The twenty seconds of security camera footage is over-exposed and a little indistinct but it tells you everything you need to know about the threat posed by art vandalism. A man wearing a hat and dark glasses opens the door of Opera, a Colorado art gallery, in 2018. He doesn’t let go of the door until he has placed an object on the floor that will prevent it closing fully behind him. Unchallenged, he walks purposefully towards the camera, reaching into his pocket.

Now the footage switches to a second camera showing the man standing a few feet in front of a large painting by American artist Christopher Wool. It’s estimated to be worth $2.95m. The man approaches the painting and makes two passes across its face with a razor blade before staff have time to react.

Thankfully, deliberate vandalism of works of art remains an uncommon occurrence. But even so, type the words ‘art vandal security footage’ into the search bar on YouTube and you’ll be able to see several examples. If asked, most fine art underwriters could rattle off a list of high profile works that have been damaged over recent years.

For example, in 2012 Claude Monet’s Argenteuil Basin with A Single Sailboat was punched by a man while on display at the National Gallery of Ireland. The man created a substantial rip in the painting, which was repaired by piecing together and reattaching hundreds of microscopic fragments of paint. That same year, Mark Rothko’s Black on Maroon was daubed with paint at the Tate Modern. More recently, a Banksy mural that appeared on Valentine’s Day 2020 on a house in Bristol was graffitied with pink paint within a matter of days of its discovery.
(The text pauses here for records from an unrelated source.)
(* Let $n\ge 3$ and let $\mathcal{M}$ be a uniform oriented matroid of rank $3$ on $n$ elements. Then $\operatorname{diam}(G^*(\mathcal{M}))=n-1$ $(=n-r+2)$.
   Context: Sign vectors: for a finite set $E$ and $X\in\{+,-,0\}^E$, write $X^+=\{e:X_e=+\}$, $X^-=\{e:X_e=-\}$, $X^0=\{e:X_e=0\}$, $\operatorname{supp}(X)=X^+\cup X^-$, and $-X$ for the componentwise negation. For sign vectors $X,Y$, the separating set is $S(X,Y)=(X^+\cap Y^-)\cup(X^-\cap Y^+)$, and the composition $X\circ Y$ is given by $(X\circ Y)_e=X_e$ if $X_e\neq 0$ and $(X\circ Y)_e=Y_e$ otherwise. An oriented matroid $\mathcal{M}=(E,\mathcal{C}^* )$ is a finite set $E$ together with a set $\mathcal{C}^*\subseteq\{+,-,0\}^E$ of (signed) cocircuits satisfying: (CC0) $\mathbf{0}\notin\mathcal{C}^*$; (CC1) $X\in\mathcal{C}^*\Rightarrow -X\in\mathcal{C}^*$; (CC2) if $X,Y\in\mathcal{C}^*$ and $\operatorname{supp}(X)\subseteq\operatorname{supp}(Y)$ then $X=\pm Y$; (CC3) if $X,Y\in\mathcal{C}^*$, $X\neq -Y$ and $e\in S(X,Y)$, then there is $Z\in\mathcal{C}^*$ with $Z^+\subseteq (X^+\cup Y^+)\setminus\{e\}$ and $Z^-\subseteq (X^-\cup Y^-)\setminus\{e\}$. The covectors of $\mathcal{M}$ are $\mathbf{0}$ together with all compositions $X^1\circ\cdots\circ X^k$ ($k\ge 1$) of cocircuits, partially ordered componentwise by $0<+$ and $0<-$ ($+,-$ incomparable). The rank $r$ of $\mathcal{M}$ is the largest $k$ such that there is a chain $\mathbf{0}=V_0<V_1<\cdots<V_k$ of covectors. $\mathcal{M}$ is uniform if $|X^0|=r-1$ for every cocircuit $X$. The cocircuit graph $G^*(\mathcal{M})$ has the cocircuits as vertices, with distinct cocircuits $X,Y$ adjacent iff $|X^0\cap Y^0|\ge r-2$ and $S(X,Y)=\emptyset$. $\operatorname{diam}(G^*(\mathcal{M}))$ is the maximum graph distance between two cocircuits. *)

theory Defs
  imports Main "HOL-Library.Extended_Nat"
begin

datatype sign = Pos | Neg | Zer

type_synonym 'a signvec = "'a \<Rightarrow> sign"

definition sv_zero :: "'a signvec" where "sv_zero = (\<lambda>_. Zer)"

definition sv_neg :: "'a signvec \<Rightarrow> 'a signvec" where
  "sv_neg X = (\<lambda>e. case X e of Pos \<Rightarrow> Neg | Neg \<Rightarrow> Pos | Zer \<Rightarrow> Zer)"

definition sv_plus :: "'a signvec \<Rightarrow> 'a set" where "sv_plus X = {e. X e = Pos}"
definition sv_minus :: "'a signvec \<Rightarrow> 'a set" where "sv_minus X = {e. X e = Neg}"
definition sv_supp :: "'a signvec \<Rightarrow> 'a set" where "sv_supp X = {e. X e \<noteq> Zer}"
definition sv_zeroset :: "'a set \<Rightarrow> 'a signvec \<Rightarrow> 'a set" where
  "sv_zeroset E X = {e\<in>E. X e = Zer}"

definition sv_sep :: "'a signvec \<Rightarrow> 'a signvec \<Rightarrow> 'a set" where
  "sv_sep X Y = (sv_plus X \<inter> sv_minus Y) \<union> (sv_minus X \<inter> sv_plus Y)"

definition sv_comp :: "'a signvec \<Rightarrow> 'a signvec \<Rightarrow> 'a signvec" where
  "sv_comp X Y = (\<lambda>e. if X e \<noteq> Zer then X e else Y e)"

(* sign vectors in {+,-,0}^E are represented as functions vanishing outside E *)
definition oriented_matroid :: "'a set \<Rightarrow> 'a signvec set \<Rightarrow> bool" where
  "oriented_matroid E C \<longleftrightarrow>
     finite E \<and>
     (\<forall>X\<in>C. \<forall>e. e \<notin> E \<longrightarrow> X e = Zer) \<and>
     sv_zero \<notin> C \<and>
     (\<forall>X\<in>C. sv_neg X \<in> C) \<and>
     (\<forall>X\<in>C. \<forall>Y\<in>C. sv_supp X \<subseteq> sv_supp Y \<longrightarrow> X = Y \<or> X = sv_neg Y) \<and>
     (\<forall>X\<in>C. \<forall>Y\<in>C. \<forall>e. X \<noteq> sv_neg Y \<and> e \<in> sv_sep X Y \<longrightarrow>
        (\<exists>Z\<in>C. sv_plus Z \<subseteq> (sv_plus X \<union> sv_plus Y) - {e} \<and>
                sv_minus Z \<subseteq> (sv_minus X \<union> sv_minus Y) - {e}))"

definition covectors :: "'a signvec set \<Rightarrow> 'a signvec set" where
  "covectors C = insert sv_zero
     {foldr sv_comp Xs sv_zero | Xs. Xs \<noteq> [] \<and> set Xs \<subseteq> C}"

definition sv_le :: "'a signvec \<Rightarrow> 'a signvec \<Rightarrow> bool" where
  "sv_le X Y \<longleftrightarrow> (\<forall>e. X e = Zer \<or> X e = Y e)"

definition sv_less :: "'a signvec \<Rightarrow> 'a signvec \<Rightarrow> bool" where
  "sv_less X Y \<longleftrightarrow> sv_le X Y \<and> X \<noteq> Y"

definition om_rank :: "'a signvec set \<Rightarrow> nat" where
  "om_rank C = Max {k. \<exists>V :: nat \<Rightarrow> 'a signvec. V 0 = sv_zero \<and>
      (\<forall>i\<le>k. V i \<in> covectors C) \<and> (\<forall>i<k. sv_less (V i) (V (Suc i)))}"

definition uniform_om :: "'a set \<Rightarrow> 'a signvec set \<Rightarrow> bool" where
  "uniform_om E C \<longleftrightarrow> (\<forall>X\<in>C. card (sv_zeroset E X) = om_rank C - 1)"

definition cg_adj :: "'a set \<Rightarrow> 'a signvec set \<Rightarrow> 'a signvec \<Rightarrow> 'a signvec \<Rightarrow> bool" where
  "cg_adj E C X Y \<longleftrightarrow> X \<in> C \<and> Y \<in> C \<and> X \<noteq> Y \<and>
     card (sv_zeroset E X \<inter> sv_zeroset E Y) \<ge> om_rank C - 2 \<and> sv_sep X Y = {}"

(* graph distance in the cocircuit graph (infinity if no path) *)
definition cg_dist :: "'a set \<Rightarrow> 'a signvec set \<Rightarrow> 'a signvec \<Rightarrow> 'a signvec \<Rightarrow> enat" where
  "cg_dist E C X Y = (INF k \<in> {k. \<exists>p. length p = Suc k \<and> p ! 0 = X \<and> p ! k = Y \<and>
        set p \<subseteq> C \<and> (\<forall>i<k. cg_adj E C (p ! i) (p ! Suc i))}. enat k)"

definition cg_diam :: "'a set \<Rightarrow> 'a signvec set \<Rightarrow> enat" where
  "cg_diam E C = (SUP X\<in>C. SUP Y\<in>C. cg_dist E C X Y)"

end

theory Submission
  imports Defs
begin

text \<open>In rank 3 every cocircuit has exactly two zeros, and adjacent cocircuits share a zero and do
  not separate. Hence along a walk the set of zeros seen grows by at most one per step, and an element
  can change sign only by becoming a zero. On a walk from X to -X every element changes sign or is a
  zero of X, and the last zero set repeats the first, so a walk of length k meets at most k + 1 of the
  n elements: k \<ge> n - 1.

  Conversely, cocircuits X, Y with a common zero are joined by a walk of length at most
  |S(X,Y)| + 1 \<le> n - 1, obtained by recursively eliminating separating elements. Otherwise pick a
  zero a of X and a zero c of Y; some cocircuit Z vanishes at both (any two elements lie in a common
  zero set), and routing through Z or through -Z, whichever separates less from X and Y, gives a walk
  of length at most n - 1.\<close>

lemma sv_neg_neg [simp]: "sv_neg (sv_neg X) = X"
  by (auto simp: sv_neg_def fun_eq_iff split: sign.splits)

lemma sv_neg_eq_Zer_iff [simp]: "sv_neg X e = Zer \<longleftrightarrow> X e = Zer"
  and sv_neg_eq_Pos_iff [simp]: "sv_neg X e = Pos \<longleftrightarrow> X e = Neg"
  and sv_neg_eq_Neg_iff [simp]: "sv_neg X e = Neg \<longleftrightarrow> X e = Pos"
  by (auto simp: sv_neg_def split: sign.splits)

lemma mem_sv_sep: "e \<in> sv_sep X Y \<longleftrightarrow> X e \<noteq> Zer \<and> Y e \<noteq> Zer \<and> X e \<noteq> Y e"
  by (cases "X e"; cases "Y e") (auto simp: sv_sep_def sv_plus_def sv_minus_def)

lemma sv_sep_commute: "sv_sep X Y = sv_sep Y X"
  by (auto simp: mem_sv_sep)

lemma sv_sep_neg: "sv_sep (sv_neg X) Y = sv_sep X (sv_neg Y)"
  by (auto simp: sv_sep_def sv_plus_def sv_minus_def)

lemma sv_sep_disjoint_sv_sep_neg: "sv_sep X Y \<inter> sv_sep X (sv_neg Y) = {}"
  by (auto simp: sv_sep_def sv_plus_def sv_minus_def)

lemma mem_sv_supp: "e \<in> sv_supp X \<longleftrightarrow> X e \<noteq> Zer"
  by (simp add: sv_supp_def)

lemma sv_supp_foldr_comp: "sv_supp (foldr sv_comp Xs sv_zero) = (\<Union>X\<in>set Xs. sv_supp X)"
  by (induction Xs) (auto simp: sv_comp_def sv_zero_def sv_supp_def)

lemma sv_less_supp_psubset: "sv_less V W \<Longrightarrow> sv_supp V \<subset> sv_supp W"
  unfolding sv_less_def sv_le_def sv_supp_def by (force simp: fun_eq_iff)

lemma covector_eq_foldr_comp:
  assumes "V \<in> covectors C" "V \<noteq> sv_zero"
  obtains Xs where "Xs \<noteq> []" "set Xs \<subseteq> C" "V = foldr sv_comp Xs sv_zero"
  using assms that by (auto simp: covectors_def)

lemma covector_supp_subset:
  assumes "\<forall>X\<in>C. \<forall>e. e \<notin> E \<longrightarrow> X e = Zer" and "V \<in> covectors C"
  shows "sv_supp V \<subseteq> E"
  using assms by (auto simp: covectors_def sv_supp_foldr_comp) (auto simp: sv_supp_def sv_zero_def)

lemma om_rank_chain:
  assumes "finite E" and "\<forall>X\<in>C. \<forall>e. e \<notin> E \<longrightarrow> X e = Zer"
  shows "\<exists>V. V 0 = sv_zero \<and> (\<forall>i\<le>om_rank C. V i \<in> covectors C) \<and>
           (\<forall>i<om_rank C. sv_less (V i) (V (Suc i)))"
proof -
  define K where "K = {k. \<exists>V :: nat \<Rightarrow> 'a signvec. V 0 = sv_zero \<and>
      (\<forall>i\<le>k. V i \<in> covectors C) \<and> (\<forall>i<k. sv_less (V i) (V (Suc i)))}"
  have "k \<le> card E" if "k \<in> K" for k
  proof -
    from that obtain V :: "nat \<Rightarrow> 'a signvec" where V: "V 0 = sv_zero"
      "\<forall>i\<le>k. V i \<in> covectors C" "\<forall>i<k. sv_less (V i) (V (Suc i))"
      unfolding K_def by blast
    have "j \<le> card (sv_supp (V j))" if "j \<le> k" for j
      using that
    proof (induction j)
      case (Suc j)
      have "sv_supp (V (Suc j)) \<subseteq> E"
        using covector_supp_subset[OF assms(2)] V(2) Suc.prems by blast
      then have "card (sv_supp (V j)) < card (sv_supp (V (Suc j)))"
        using V(3) Suc.prems assms(1)
        by (intro psubset_card_mono sv_less_supp_psubset) (auto intro: finite_subset)
      with Suc show ?case by simp
    qed simp
    also have "card (sv_supp (V k)) \<le> card E"
      using covector_supp_subset[OF assms(2)] V(2) assms(1) by (intro card_mono) auto
    finally show ?thesis by simp
  qed
  then have "finite K"
    using finite_nat_set_iff_bounded_le by blast
  moreover have "0 \<in> K"
    unfolding K_def by (intro CollectI exI[of _ "\<lambda>_. sv_zero"]) (simp add: covectors_def)
  ultimately have "Max K \<in> K"
    by (intro Max_in) auto
  then show ?thesis
    unfolding K_def om_rank_def by simp
qed

inductive walk :: "'a set \<Rightarrow> 'a signvec set \<Rightarrow> 'a signvec \<Rightarrow> 'a signvec \<Rightarrow> nat \<Rightarrow> bool"
  for E C where
  walk_Nil: "X \<in> C \<Longrightarrow> walk E C X X 0"
| walk_Cons: "cg_adj E C X Y \<Longrightarrow> walk E C Y Z k \<Longrightarrow> walk E C X Z (Suc k)"

lemma walk_trans: "walk E C X Y k \<Longrightarrow> walk E C Y Z m \<Longrightarrow> walk E C X Z (k + m)"
  by (induction rule: walk.induct) (auto intro: walk.intros)

lemma walk_start_in: "walk E C X Y k \<Longrightarrow> X \<in> C"
  by (induction rule: walk.induct) (auto simp: cg_adj_def)

lemma walk_iff_path:
  "walk E C X Y k \<longleftrightarrow> (\<exists>p. length p = Suc k \<and> p ! 0 = X \<and> p ! k = Y \<and> set p \<subseteq> C \<and>
      (\<forall>i<k. cg_adj E C (p ! i) (p ! Suc i)))"
proof
  assume "walk E C X Y k"
  then show "\<exists>p. length p = Suc k \<and> p ! 0 = X \<and> p ! k = Y \<and> set p \<subseteq> C \<and>
      (\<forall>i<k. cg_adj E C (p ! i) (p ! Suc i))"
  proof (induction rule: walk.induct)
    case (walk_Nil X)
    then show ?case by (intro exI[of _ "[X]"]) auto
  next
    case (walk_Cons X Y Z k)
    then obtain p where p: "length p = Suc k" "p ! 0 = Y" "p ! k = Z" "set p \<subseteq> C"
      "\<forall>i<k. cg_adj E C (p ! i) (p ! Suc i)" by blast
    have "\<forall>i<Suc k. cg_adj E C ((X # p) ! i) ((X # p) ! Suc i)"
      using p walk_Cons.hyps by (auto simp: less_Suc_eq_0_disj)
    with p walk_Cons.hyps show ?case
      by (intro exI[of _ "X # p"]) (auto simp: cg_adj_def)
  qed
next
  assume "\<exists>p. length p = Suc k \<and> p ! 0 = X \<and> p ! k = Y \<and> set p \<subseteq> C \<and>
      (\<forall>i<k. cg_adj E C (p ! i) (p ! Suc i))"
  then obtain p where "length p = Suc k" "p ! 0 = X" "p ! k = Y" "set p \<subseteq> C"
      "\<forall>i<k. cg_adj E C (p ! i) (p ! Suc i)" by blast
  then show "walk E C X Y k"
  proof (induction k arbitrary: p X)
    case 0
    then show ?case by (auto simp: length_Suc_conv intro: walk_Nil)
  next
    case (Suc k)
    then obtain q where p: "p = X # q" "length q = Suc k"
      by (cases p) auto
    have "walk E C (q ! 0) Y k"
      using Suc.prems p by (intro Suc.IH) auto
    moreover have "cg_adj E C X (q ! 0)"
      using Suc.prems(5) p by force
    ultimately show ?case by (intro walk_Cons)
  qed
qed
(* In the oligopoly game below, for all parameter values ($\alpha>0$, unit $\boldsymbol\beta$, $\boldsymbol\gamma$ with all entries positive) there exists at least one equilibrium of one of the following types: (a) an equilibrium with $\mathbf A^*\mathbf q^*=\boldsymbol\beta$ and $\mathbf q^*=\boldsymbol\gamma/(2+\alpha)$; (b) an equilibrium with $\mathbf a_i^*=\boldsymbol\beta$ for all $i$ (product concentration); (c) an equilibrium exhibiting dominant-firm polarization, i.e. $\mathbf a_i^*=\boldsymbol\beta$ for exactly one firm $i$, which satisfies $\gamma_i=\|\boldsymbol\gamma\|_\infty$, and $\mathbf a_j^*=-\boldsymbol\beta$ for all $j\ne i$. Moreover, every equilibrium $(\mathbf A^*,\mathbf q^* )$ is either of type (a), or satisfies $\mathbf a_i^*=\sigma_i\boldsymbol\beta$ for all $i$ for some $\boldsymbol\sigma\in\{-1,1\}^n$ (in which case $\boldsymbol\sigma$ satisfies $(2+\alpha)-\frac{2+(n+1)\alpha}{2(1+\alpha)}\min_{j:\sigma_j=-1}\gamma_j\le\boldsymbol\sigma^\top\boldsymbol\gamma\le(2+\alpha)+\frac{2+(n+1)\alpha}{2(1+\alpha)}\min_{j:\sigma_j=1}\gamma_j$, with $\min\emptyset=+\infty$, and $\mathbf q^*=\frac{\boldsymbol\gamma}{2+\alpha}-\frac{\alpha(\boldsymbol\sigma^\top\boldsymbol\gamma-(2+\alpha))}{(2+\alpha)(2+(n+1)\alpha)}\boldsymbol\sigma$).
   Context: Model: integers $n\ge2$, $m\ge2$; $\alpha>0$, $\boldsymbol\beta\in\mathbb R^m$ with $\|\boldsymbol\beta\|_2=1$, $\boldsymbol\gamma\in\mathbb R^n$ with all $\gamma_i>0$. Firm $i$ chooses a unit vector $\mathbf a_i\in\mathbb R^m$ and $q_i\ge0$, earning $\Pi_i=\alpha q_i\mathbf a_i^\top(\boldsymbol\beta-\sum_{j\ne i}q_j\mathbf a_j)-(1+\alpha)q_i^2+\gamma_iq_i$. $\mathbf A=[\mathbf a_1,\dots,\mathbf a_n]$. An equilibrium is a profile $(\mathbf A^*,\mathbf q^* )$ in which each $(\mathbf a_i^*,q_i^* )$ maximizes $\Pi_i$ over unit $\mathbf a_i$ and $q_i\ge0$ given the others' choices. $\|\boldsymbol\gamma\|_\infty=\max_i\gamma_i$. *)

theory Defs
  imports "HOL-Analysis.Analysis"
begin

text \<open>Firms are indexed by the finite type 'n (n = CARD('n)), product space is real^'m.
  A profile is A :: (real^'m)^'n (A $ i = a_i) and q :: real^'n.\<close>

definition profit :: "real \<Rightarrow> real^'m \<Rightarrow> real^'n \<Rightarrow> (real^'m)^'n \<Rightarrow> real^'n
    \<Rightarrow> 'n \<Rightarrow> real^'m \<Rightarrow> real \<Rightarrow> real" where
  "profit \<alpha> \<beta> \<gamma> A q i a x =
     \<alpha> * x * (a \<bullet> (\<beta> - (\<Sum>j\<in>UNIV - {i}. (q $ j) *\<^sub>R (A $ j))))
     - (1 + \<alpha>) * x\<^sup>2 + (\<gamma> $ i) * x"

definition equilibrium :: "real \<Rightarrow> real^'m \<Rightarrow> real^'n \<Rightarrow> (real^'m)^'n \<Rightarrow> real^'n \<Rightarrow> bool" where
  "equilibrium \<alpha> \<beta> \<gamma> A q \<longleftrightarrow>
     (\<forall>i. norm (A $ i) = 1 \<and> q $ i \<ge> 0 \<and>
        (\<forall>a x. norm a = 1 \<longrightarrow> x \<ge> 0 \<longrightarrow>
           profit \<alpha> \<beta> \<gamma> A q i a x \<le> profit \<alpha> \<beta> \<gamma> A q i (A $ i) (q $ i)))"

definition Aq :: "(real^'m)^'n \<Rightarrow> real^'n \<Rightarrow> real^'m" where
  "Aq A q = (\<Sum>i\<in>UNIV. (q $ i) *\<^sub>R (A $ i))"

definition typeA :: "real \<Rightarrow> real^'m \<Rightarrow> real^'n \<Rightarrow> (real^'m)^'n \<Rightarrow> real^'n \<Rightarrow> bool" where
  "typeA \<alpha> \<beta> \<gamma> A q \<longleftrightarrow> Aq A q = \<beta> \<and> q = (1 / (2 + \<alpha>)) *\<^sub>R \<gamma>"

definition typeB :: "real^'m \<Rightarrow> (real^'m)^'n \<Rightarrow> bool" where
  "typeB \<beta> A \<longleftrightarrow> (\<forall>i. A $ i = \<beta>)"

definition typeC :: "real^'m \<Rightarrow> real^'n \<Rightarrow> (real^'m)^'n \<Rightarrow> bool" where
  "typeC \<beta> \<gamma> A \<longleftrightarrow>
     (\<exists>i. A $ i = \<beta> \<and> \<gamma> $ i = Max (range (\<lambda>k. \<gamma> $ k)) \<and>
          (\<forall>j. j \<noteq> i \<longrightarrow> A $ j = - \<beta>))"

end

theory Submission
  imports Defs
begin

text \<open>
  Firm \<open>i\<close> faces the residual direction \<open>g\<^sub>i = \<beta> - (\<Sum>j\<noteq>i. q\<^sub>j a\<^sub>j)\<close>, and its profit is a
  concave quadratic in \<open>q\<^sub>i\<close> whose linear term \<open>\<alpha> q\<^sub>i a\<^sub>i \<bullet> g\<^sub>i\<close> is maximised by aligning \<open>a\<^sub>i\<close>
  with \<open>g\<^sub>i\<close>; so best responses are \<open>g\<^sub>i = |g\<^sub>i| a\<^sub>i\<close> and \<open>2 (1 + \<alpha>) q\<^sub>i = \<alpha> |g\<^sub>i| + \<gamma>\<^sub>i\<close>.
  Hence \<open>\<beta> - A q = (|g\<^sub>i| - q\<^sub>i) a\<^sub>i\<close> for every \<open>i\<close>. Either \<open>A q = \<beta>\<close>, which forces
  \<open>|g\<^sub>i| = q\<^sub>i\<close> and \<open>q = \<gamma> / (2 + \<alpha>)\<close>, or all \<open>a\<^sub>i\<close> are \<open>\<plusminus>\<close> the direction of \<open>\<beta> - A q\<close>,
  and then \<open>\<beta>\<close> lies on that line too, so \<open>a\<^sub>i = \<sigma>\<^sub>i \<beta>\<close>. For such a sign profile every
  residual is a multiple of \<open>\<beta>\<close>: the equilibrium conditions become one linear system for \<open>q\<close>
  plus one sign condition per firm, which solve to the stated formula and inequalities.

  For existence, let \<open>L = \<Sum>\<gamma>\<^sub>i\<close>. If \<open>L \<le> 2 + \<alpha>\<close> all firms choosing \<open>\<beta>\<close> is stable; if
  \<open>2 \<gamma>\<^sub>k - L \<ge> 2 + \<alpha>\<close> the profile with only firm \<open>k\<close> at \<open>\<beta>\<close> is. Otherwise the lengths
  \<open>\<gamma>\<^sub>i / (2 + \<alpha>)\<close> satisfy the polygon inequalities for closing a polygon with a side of length
  one, so unit vectors in a plane through \<open>\<beta>\<close> achieve \<open>A q = \<beta>\<close>.
\<close>

section \<open>Closing polygons in the plane\<close>

lemma exists_unit_complex_triangle:
  fixes a b c :: real
  assumes "0 \<le> a" "0 \<le> b" "0 \<le> c" "\<bar>a - b\<bar> \<le> c" "c \<le> a + b"
  obtains z w :: complex where "cmod z = 1" "cmod w = 1" "of_real a * z + of_real b * w = of_real c"
proof -
  define f where "f t = cmod (of_real c - of_real a * cis t)" for t
  have "f 0 \<le> b" "b \<le> f pi"
    using assms by (simp_all add: f_def flip: of_real_diff of_real_add)
  moreover have "continuous_on {0..pi} f"
    unfolding f_def by (intro continuous_intros)
  ultimately obtain t where "f t = b"
    using IVT'[of f 0 b pi] by auto
  show ?thesis
  proof (cases "b = 0")
    case True
    with \<open>f t = b\<close> show ?thesis
      by (intro that[of "cis t" 1]) (auto simp: f_def)
  next
    case False
    with \<open>f t = b\<close> show ?thesis
      by (intro that[of "cis t" "(of_real c - of_real a * cis t) / of_real b"])
        (auto simp: f_def norm_divide)
  qed
qed
lemma delta_inv_le_of_sigma_lt:
  assumes sg: "simple_graph V E" and cg: "connected_graph V E" and m0: "\<forall>u\<in>V. m0 u > 0"
    and d: "\<forall>e\<in>E. d e > 0" and uv: "u \<in> V" "v \<in> V" "u \<noteq> v"
    and S: "0 < S" "S \<le> total_mass V m0" "S * sigma_inv V E m0 d < Dsq E d"
  shows "delta_inv V E m0 d \<le> 1 - S / total_mass V m0"
proof -
  have fV: "finite V"
    using simple_graph_finite[OF sg] .
  obtain Fs where Fs_spread: "\<forall>e\<in>E. (\<Sum>f\<leftarrow>Fs. edge_sqdiff f e) \<le> (d e)\<^sup>2"
    and Fs_variance: "(\<Sum>f\<leftarrow>Fs. weighted_variance V m0 f) = S"
    using exists_family_of_sigma_lt[OF sg cg m0 d uv S(1,3)] by blast
  have list_as_family: "(\<Sum>f\<leftarrow>Fs. Q f) = (\<Sum>j<length Fs. Q (Fs ! j))" for Q :: "('a \<Rightarrow> real) \<Rightarrow> real"
    by (simp add: sum_list_sum_nth atLeast0LessThan)
  obtain J G where J: "J \<subseteq> V - {u}" and G: "centered_family V m0 J G"
    and G_spread: "\<forall>a\<in>V. \<forall>b\<in>V.
      (\<Sum>j\<in>J. (G j a - G j b)\<^sup>2) = (\<Sum>j<length Fs. ((Fs ! j) a - (Fs ! j) b)\<^sup>2)"
    and G_variance: "(\<Sum>j\<in>J. weighted_variance V m0 (G j)) = (\<Sum>j<length Fs. weighted_variance V m0 (Fs ! j))"
    using exists_centered_family_in_complement[OF fV uv(1) m0 finite_lessThan[of "length Fs"], of "(!) Fs"] by blast
  have spread: "\<forall>a b. {a, b} \<in> E \<longrightarrow> (\<Sum>j\<in>J. (G j a - G j b)\<^sup>2) \<le> (d {a, b})\<^sup>2"
  proof (intro allI impI)
    fix a b assume ab: "{a, b} \<in> E"
    have "(\<Sum>j\<in>J. (G j a - G j b)\<^sup>2) = (\<Sum>f\<leftarrow>Fs. edge_sqdiff f {a, b})"
      using G_spread simple_graph_edge_vertices[OF sg ab] list_as_family[of "\<lambda>f. edge_sqdiff f {a, b}"]
      by simp
    then show "(\<Sum>j\<in>J. (G j a - G j b)\<^sup>2) \<le> (d {a, b})\<^sup>2"
      using Fs_spread[rule_format, OF ab] by simp
  qed
  have variance: "(\<Sum>j\<in>J. weighted_variance V m0 (G j)) = S"
    using G_variance Fs_variance list_as_family by simp
  have M: "total_mass V m0 > 0"
    using total_mass_pos[OF fV _ m0] uv(1) by blast
  have d_nonneg: "\<forall>e\<in>E. d e \<ge> 0"
    using d by (simp add: less_imp_le)
  show ?thesis
    using admissible_map_of_centered_family[OF fV uv(1) M J G spread d_nonneg variance] S(1,2)
      delta_inv_le by (metis less_imp_le)
qed

lemma delta_inv_upper_bound:
  assumes sg: "simple_graph V E" and cg: "connected_graph V E" and m0: "\<forall>u\<in>V. m0 u > 0"
    and d: "\<forall>e\<in>E. d e > 0" and uv: "u \<in> V" "v \<in> V" "u \<noteq> v"
  shows "delta_inv V E m0 d \<le> max (1 - Dsq E d / total_mass V m0 / sigma_inv V E m0 d) 0"
proof -
  define M D \<sigma> \<delta> where "M = total_mass V m0" and "D = Dsq E d" and "\<sigma> = sigma_inv V E m0 d"
    and "\<delta> = delta_inv V E m0 d"
  have M: "M > 0"
    using total_mass_pos[OF simple_graph_finite[OF sg] _ m0] uv M_def by auto
  have \<sigma>: "\<sigma> > 0"
    using sigma_inv_pos[OF sg cg m0 d uv] \<sigma>_def by simp
  have D: "D > 0"
    using Dsq_pos[OF sg connected_graph_edges_nonempty[OF cg uv] d] D_def by simp
  define s0 where "s0 = min M (D / \<sigma>)"
  have "s0 \<le> M * (1 - \<delta>)"
  proof (rule dense_le_bounded)
    show "0 < s0"
      unfolding s0_def using M D \<sigma> by simp
    fix S assume "0 < S" "S < s0"
    then have "\<delta> \<le> 1 - S / M"
      using delta_inv_le_of_sigma_lt[OF sg cg m0 d uv, of S] \<sigma>
      unfolding s0_def M_def D_def \<sigma>_def \<delta>_def by (simp add: pos_less_divide_eq)
    then show "S \<le> M * (1 - \<delta>)"
      using M by (simp add: field_simps)
  qed
  then have "\<delta> \<le> 1 - s0 / M"
    using M by (simp add: field_simps)
  also have "\<dots> = max (1 - D / M / \<sigma>) 0"
  proof (cases "D / \<sigma> \<le> M")
    case True
    then have "D / \<sigma> / M \<le> 1"
      using M by (simp only: divide_le_eq_1_pos)
    then show ?thesis
      unfolding s0_def using True by (simp add: mult.commute)
  next
    case False
    then have "1 < D / \<sigma> / M"
      using M by (simp only: less_divide_eq_1_pos not_le)
    then show ?thesis
      unfolding s0_def using False M by (simp add: mult.commute)
  qed
  finally show ?thesis
    unfolding M_def D_def \<sigma>_def \<delta>_def .
qed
Art vandalism is to fine art underwriters what ‘lone wolves’ are to the security forces – undetectable, unpredictable, often unpreventable. If a vandal decides to inflict damage on a work of art, there’s probably no way of stopping them, unless the work is shielded by a security screen, which rather defeats the object of an exhibition, which is to bring the public as close as possible to these items.

Sadly, art vandalism is not set to wane. Social media and the rise of single-cause campaign groups have contributed to a rise in the overall political temperature. This makes political and socially motivated attacks on artworks even more of a concern.

Of course, not all damage inflicted on art is deliberate. A visitor’s stray elbow or an unsteady hand can be just as deadly. This was demonstrated very effectively in November 2016 when a visitor to Lisbon’s National Museum of Ancient Art knocked over and destroyed an 18th century statue depicting St. Michael. It was reported that the individual was attempting to take a selfie with the sculpture.

So, balance is the key. On the one hand, giving the public the access it desires; on the other, ensuring that exhibitors are satisfied with the level of security and the underwriter is comfortable with the risk.

Physical precautions are one route to mitigating the potential for damage. Insisting on bag checks may be a sensible option. Sharp objects capable of inflicting damage or containers of harmful liquids can be detected before they get anywhere within range of the target. But gallery bag checks can be a rather lacklustre affair, so should not be depended upon.

An underwriter can obviously adjust the premium rate to reflect the risk posed by the work of art. For example, a controversial work may attract a higher premium, higher deductibles and a range of warranties. Extra security could be required; the painting may need to be shown behind plexiglass security glazing or visitors may be held back some distance from the work by the use of cordons or railings.

Should the worst-case scenario come to pass resulting in an artwork being vandalised, the first step is for the gallery or museum to inform their broker. That broker, usually a fine art specialist, would then immediately inform us. It’s worth remembering that, at this stage, news of the damage could be breaking in the media.

Footage of the incident could even be circulating on social media. All of this could impact negatively on the gallery’s reputation.

Our claims department would instruct a specialist in art claims to assess the damage and notify underwriters and the client of their conclusions. The possibility exists that the artwork could be damaged beyond repair, but thankfully this is a rare occurrence. What’s more likely is that the expert will advise on the most appropriate approach to restoration, along with any subsequent loss of value.

That loss of value can be sustantial. Sticking an elbow through an old master or piercing a ballpoint pen through a contemporary canvas could cost millions. If the artist is alive, they may well wish to get involved in the repair of the work. This is generally something we encourage as it may reduce the loss in value caused by the damage and restoration process.

Like so much in life, it’s all about trying to achieve a balance between competing demands. I can’t think of a single instance of the London insurance market failing to offer cover for a major work of art. We can’t rule out the possibility of an individual walking into a gallery intent on damaging a work of art as people will always be unpredictable. But we can reduce the chances of it occurring and provide the most sophisticated restoration options possible. This is the strength of Liberty’s and the London market’s offering. Finding solutions is at the heart of what we do.